# Hank is a WINNER!



## Casa_la_Palma (Oct 15, 2013)

I am so stinkin' excited I have to share. Our first ever show and my 4 month old Miniature LaMancha buck Snowdale Acres Hank took not only Champion Junior Buck with 6 in his class but finished the day with Grand Champion Buck (winning over 4 senior bucks) at the TMGR Mini Mania show held in Lakeside Ca. I'm so happy and proud of my little guy!!!


----------



## CritterCarnival (Sep 18, 2013)

Cute little guy, congratulations!!


----------



## milk and honey (Oct 31, 2010)

Congrats! Handsome guy!


----------



## dreamacresfarm2 (May 10, 2014)

good job - he looks like he has personality plus too.


----------



## groovyoldlady (Jul 21, 2011)

Oh...wow. I am drooling. He is so level, even without being squatted down. And I love his little smug smile. ;-) Congratulations!


----------



## Casa_la_Palma (Oct 15, 2013)

Thank you! I'm still blown away by his GCH win.... He is a sweetie and fun.
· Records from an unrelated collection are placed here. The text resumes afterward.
(* For every NBA $\mathcal A$, the relation $S(\sqsupseteq^{\mathrm{fx\text{-}de}},\sqsubseteq^{\mathrm{fx\text{-}de}})$ is good for saturation, i.e. $\mathcal L(\mathrm{Sat}(\mathcal A,S(\sqsupseteq^{\mathrm{fx\text{-}de}},\sqsubseteq^{\mathrm{fx\text{-}de}})))=\mathcal L(\mathcal A)$.
   Context: An NBA $\mathcal A=(\Sigma,Q,I,F,\delta)$, $\delta\subseteq Q\times\Sigma\times Q$, forward and backward complete; initial traces start in $I$, fair traces are infinite and visit $F$ infinitely often; the language is the set of infinite words with an initial fair trace. Delayed fixed-word simulation: for $w=\sigma_0\sigma_1\cdots\in\Sigma^\omega$, in the game $G_w$ from $(p_0,q_0)$, at round $i$ from $(p_i,q_i)$ Spoiler picks a transition $p_i\xrightarrow{\sigma_i}p_{i+1}$ and Duplicator answers $q_i\xrightarrow{\sigma_i}q_{i+1}$ (Spoiler is forced to read $w$, and Duplicator's strategy may depend on $w$); Duplicator wins the play if for every $i$ with $p_i\in F$ there is $j\ge i$ with $q_j\in F$. Then $p\sqsubseteq^{\mathrm{fx\text{-}de}}q$ iff for every $w\in\Sigma^\omega$ Duplicator has a winning strategy in $G_w$ from $(p,q)$; $\sqsupseteq$ is the inverse. Let $\Delta=Q\times\Sigma\times Q$. For $R_b,R_f\subseteq Q\times Q$, $S(R_b,R_f)=\{((p,\sigma,r),(p',\sigma,r'))\in\Delta\times\Delta:p\,R_b\,p',\ r\,R_f\,r'\}$. For a reflexive $S\subseteq\Delta\times\Delta$, the saturated automaton $\mathrm{Sat}(\mathcal A,S)=(\Sigma,Q,I,F,\delta')$ with $\delta'=\{t'\in\Delta:\exists t\in\delta,\ (t',t)\in S\}$. $S$ is good for saturation if $\mathrm{Sat}(\mathcal A,S)$ has the same language as $\mathcal A$. *)

theory Defs
  imports Main
begin

record ('s, 'q) nba =
  alphabet  :: "'s set"
  states    :: "'q set"
  initial   :: "'q set"
  accepting :: "'q set"
  trans     :: "('q \<times> 's \<times> 'q) set"

definition wf_complete_nba :: "('s, 'q) nba \<Rightarrow> bool" where
  "wf_complete_nba A \<longleftrightarrow>
     finite (alphabet A) \<and> finite (states A) \<and>
     initial A \<subseteq> states A \<and> accepting A \<subseteq> states A \<and>
     trans A \<subseteq> states A \<times> alphabet A \<times> states A \<and>
     (\<forall>p \<in> states A. \<forall>a \<in> alphabet A. \<exists>r. (p, a, r) \<in> trans A) \<and>
     (\<forall>r \<in> states A. \<forall>a \<in> alphabet A. \<exists>p. (p, a, r) \<in> trans A)"

definition omega_words :: "('s, 'q) nba \<Rightarrow> (nat \<Rightarrow> 's) set" where
  "omega_words A = {w. \<forall>i. w i \<in> alphabet A}"

definition is_trace :: "('s, 'q) nba \<Rightarrow> (nat \<Rightarrow> 's) \<Rightarrow> (nat \<Rightarrow> 'q) \<Rightarrow> bool" where
  "is_trace A w \<rho> \<longleftrightarrow> (\<forall>i. (\<rho> i, w i, \<rho> (Suc i)) \<in> trans A)"

definition language :: "('s, 'q) nba \<Rightarrow> (nat \<Rightarrow> 's) set" where
  "language A = {w \<in> omega_words A. \<exists>\<rho>. is_trace A w \<rho> \<and> \<rho> 0 \<in> initial A \<and>
                   (\<exists>\<^sub>\<infinity> i. \<rho> i \<in> accepting A)}"

text \<open>Duplicator strategies in the fixed-word game G_w: a map from Spoiler's play
  (p_0 p_1 ...) to Duplicator's play (q_0 q_1 ...), where q_i depends only on p_0..p_i.\<close>
definition causal :: "((nat \<Rightarrow> 'q) \<Rightarrow> (nat \<Rightarrow> 'q)) \<Rightarrow> bool" where
  "causal d \<longleftrightarrow> (\<forall>\<rho> \<rho>' i. (\<forall>j\<le>i. \<rho> j = \<rho>' j) \<longrightarrow> d \<rho> i = d \<rho>' i)"

definition dup_wins_de :: "('s, 'q) nba \<Rightarrow> (nat \<Rightarrow> 's) \<Rightarrow> 'q \<Rightarrow> 'q \<Rightarrow> bool" where
  "dup_wins_de A w p q \<longleftrightarrow>
     (\<exists>d. causal d \<and>
       (\<forall>\<rho>. \<rho> 0 = p \<and> is_trace A w \<rho> \<longrightarrow>
          d \<rho> 0 = q \<and> is_trace A w (d \<rho>) \<and>
          (\<forall>i. \<rho> i \<in> accepting A \<longrightarrow> (\<exists>j\<ge>i. d \<rho> j \<in> accepting A))))"

definition fx_de_sim :: "('s, 'q) nba \<Rightarrow> ('q \<times> 'q) set" where
  "fx_de_sim A = {(p, q). p \<in> states A \<and> q \<in> states A \<and>
                    (\<forall>w \<in> omega_words A. dup_wins_de A w p q)}"

definition S_rel :: "('q \<times> 'q) set \<Rightarrow> ('q \<times> 'q) set \<Rightarrow>
    (('q \<times> 's \<times> 'q) \<times> ('q \<times> 's \<times> 'q)) set" where
  "S_rel Rb Rf = {((p, a, r), (p', a', r')). a = a' \<and> (p, p') \<in> Rb \<and> (r, r') \<in> Rf}"

definition Sat :: "('s, 'q) nba \<Rightarrow> (('q \<times> 's \<times> 'q) \<times> ('q \<times> 's \<times> 'q)) set \<Rightarrow> ('s, 'q) nba" where
  "Sat A S = A\<lparr>trans := {t' \<in> states A \<times> alphabet A \<times> states A. \<exists>t \<in> trans A. (t', t) \<in> S}\<rparr>"

definition good_for_saturation :: "('s, 'q) nba \<Rightarrow> (('q \<times> 's \<times> 'q) \<times> ('q \<times> 's \<times> 'q)) set \<Rightarrow> bool" where
  "good_for_saturation A S \<longleftrightarrow> language (Sat A S) = language A"

end

theory Submission
  imports Defs "HOL-Library.Omega_Words_Fun"
begin

text \<open>Let \<rho> be an initial fair run of the saturated automaton on w. We build a run \<pi> of A on w
  with \<rho> i \<sqsubseteq> \<pi> i for all i: the saturated transition (\<rho> i, w i, \<rho> (i+1)) is dominated by a
  transition (p', w i, r') of A with p' \<sqsubseteq> \<rho> i and \<rho> (i+1) \<sqsubseteq> r', so composing simulations and
  playing one round of the game from p' yields \<pi> (i+1) with \<rho> (i+1) \<sqsubseteq> \<pi> (i+1).
  Since every round restarts with a fresh strategy, a pending obligation to visit F could be
  postponed forever. By Koenig's lemma, however, a winning strategy from an accepting state visits F
  within a bound that is uniform over all Spoiler plays; carrying this bound along as a countdown
  forces \<pi> to be accepting infinitely often.\<close>

lemma finite_witness_for_all_bounds:
  assumes "finite S" and "\<And>n::nat. \<exists>s\<in>S. Q s n" and "\<And>s m n. Q s n \<Longrightarrow> m \<le> n \<Longrightarrow> Q s m"
  shows "\<exists>s\<in>S. \<forall>n. Q s n"
proof (rule ccontr)
  assume "\<not> ?thesis"
  then obtain N where N: "\<And>s. s \<in> S \<Longrightarrow> \<not> Q s (N s)" by metis
  obtain s where s: "s \<in> S" "Q s (Max (N ` S))" using assms(2) by blast
  then have "N s \<le> Max (N ` S)" using assms(1) by simp
  then show False using N s assms(3) by blast
qed

lemma uniform_bound_finitely_branching:
  fixes X :: "(nat \<Rightarrow> 'a) set" and P :: "nat \<Rightarrow> (nat \<Rightarrow> 'a) \<Rightarrow> bool"
  assumes fin: "finite S" and range: "\<And>\<rho> k. \<rho> \<in> X \<Longrightarrow> \<rho> k \<in> S"
    and closed: "\<And>\<sigma>. (\<And>k. \<exists>\<rho>\<in>X. \<forall>m\<le>k. \<rho> m = \<sigma> m) \<Longrightarrow> \<sigma> \<in> X"
    and prefix_determined: "\<And>j \<rho> \<rho>'. \<forall>m\<le>j. \<rho> m = \<rho>' m \<Longrightarrow> P j \<rho> \<Longrightarrow> P j \<rho>'"
    and eventually: "\<And>\<rho>. \<rho> \<in> X \<Longrightarrow> \<exists>j. P j \<rho>"
  shows "\<exists>n. \<forall>\<rho>\<in>X. \<exists>j\<le>n. P j \<rho>"
proof (rule ccontr)
  assume unbounded: "\<not> ?thesis"
  define bad where "bad k u \<longleftrightarrow> (\<forall>n. \<exists>\<rho>\<in>X. (\<forall>m<k. \<rho> m = u m) \<and> (\<forall>j\<le>n. \<not> P j \<rho>))"
    for k u
  have extend: "\<exists>u'. bad (Suc k) u' \<and> (\<forall>m<k. u' m = u m)" if "bad k u" for k u
  proof -
    let ?Q = "\<lambda>s n. \<exists>\<rho>\<in>X. (\<forall>m<Suc k. \<rho> m = (u(k := s)) m) \<and> (\<forall>j\<le>n. \<not> P j \<rho>)"
    have witness: "\<exists>s\<in>S. ?Q s n" for n
    proof -
      obtain \<rho> where "\<rho> \<in> X" "\<forall>m<k. \<rho> m = u m" "\<forall>j\<le>n. \<not> P j \<rho>"
        using \<open>bad k u\<close> unfolding bad_def by blast
      then have "?Q (\<rho> k) n" by (intro bexI[of _ \<rho>]) (auto simp: less_Suc_eq)
      then show ?thesis using range \<open>\<rho> \<in> X\<close> by blast
    qed
    have "\<exists>s\<in>S. \<forall>n. ?Q s n"
      by (rule finite_witness_for_all_bounds[OF fin witness]) (meson order_trans)
    then obtain s where "\<forall>n. ?Q s n" by blast
    then show ?thesis unfolding bad_def by (intro exI[of _ "u(k := s)"]) auto
  qed
  have "bad 0 u" for u using unbounded unfolding bad_def by auto
  then obtain f where f: "\<And>k. bad k (f k)" and f_agree: "\<And>k m. m < k \<Longrightarrow> f (Suc k) m = f k m"
    using dependent_nat_choice[of bad "\<lambda>k u u'. \<forall>m<k. u' m = u m"] extend by metis
  define \<sigma> where "\<sigma> m = f (Suc m) m" for m
  have f_\<sigma>: "m < k \<Longrightarrow> f k m = \<sigma> m" for k m
    by (induction k) (auto simp: \<sigma>_def less_Suc_eq f_agree)
  have approx: "\<exists>\<rho>\<in>X. (\<forall>m\<le>k. \<rho> m = \<sigma> m) \<and> (\<forall>j\<le>n. \<not> P j \<rho>)" for k n
  proof -
    obtain \<rho> where "\<rho> \<in> X" "\<forall>m<Suc k. \<rho> m = f (Suc k) m" "\<forall>j\<le>n. \<not> P j \<rho>"
      using f[of "Suc k"] unfolding bad_def by blast
    moreover have "\<forall>m\<le>k. \<rho> m = \<sigma> m" using calculation(2) f_\<sigma> by auto
    ultimately show ?thesis by blast
  qed
  have "\<sigma> \<in> X" by (rule closed) (use approx in blast)
  then obtain j where "P j \<sigma>" using eventually by blast
  moreover obtain \<rho> where "\<forall>m\<le>j. \<rho> m = \<sigma> m" "\<not> P j \<rho>" using approx[of j j] by blast
  ultimately show False using prefix_determined[of j \<sigma> \<rho>] by auto
qed

lemma trace_in_states:
  assumes "wf_complete_nba A" and "is_trace A w \<rho>"
  shows "\<rho> (Suc k) \<in> states A"
  using assms unfolding wf_complete_nba_def is_trace_def by blast

lemma trace_exists:
  assumes wf: "wf_complete_nba A" and "p \<in> states A" and "w \<in> omega_words A"
  shows "\<exists>\<rho>. \<rho> 0 = p \<and> is_trace A w \<rho>"
proof -
  have successor: "\<exists>y. y \<in> states A \<and> (x, w n, y) \<in> trans A" if "x \<in> states A" for x n
    using wf that \<open>w \<in> omega_words A\<close> unfolding wf_complete_nba_def omega_words_def by blast
  have "\<exists>\<rho>. \<forall>n. (\<rho> n \<in> states A \<and> (n = 0 \<longrightarrow> \<rho> n = p)) \<and> (\<rho> n, w n, \<rho> (Suc n)) \<in> trans A"
    by (rule dependent_nat_choice) (use \<open>p \<in> states A\<close> successor in auto)
  then show ?thesis unfolding is_trace_def by blast
qed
I really feel like I hit the jackpot with him. Here is one I snapped of him while he was tied.


----------



## Karen (Jun 22, 2010)

Aww, what a cutie! We can see why he won! Shine, form and attitude! You should soooo nominate him for Pet of the Day!


----------



## ThreeHavens (Oct 20, 2011)

Wow, he is very handsome! Oh I wish you were closer, I could dream of pairing him with my MM girl. :lol:


----------



## happybleats (Sep 12, 2010)

what a ham..love him!! congrats!!!


----------



## Cedar Point Kikos (Oct 16, 2013)

Wow, congratulations are definitely in order for you and him!! Always nice to have a surprise win like that!


----------



## Casa_la_Palma (Oct 15, 2013)

Thanks everyone! I am totally hooked! I got my first mini mancha doe so I could have healthy milk. Now I'm planning shows and improvements to my herd. I just love these little goats. Thank you for letting me share


----------



## toth boer goats (Jul 20, 2008)

That is awesome.


----------



## janeen128 (Dec 31, 2012)

Nice


----------



## kycowgirl (Jun 11, 2013)

Love him!!


----------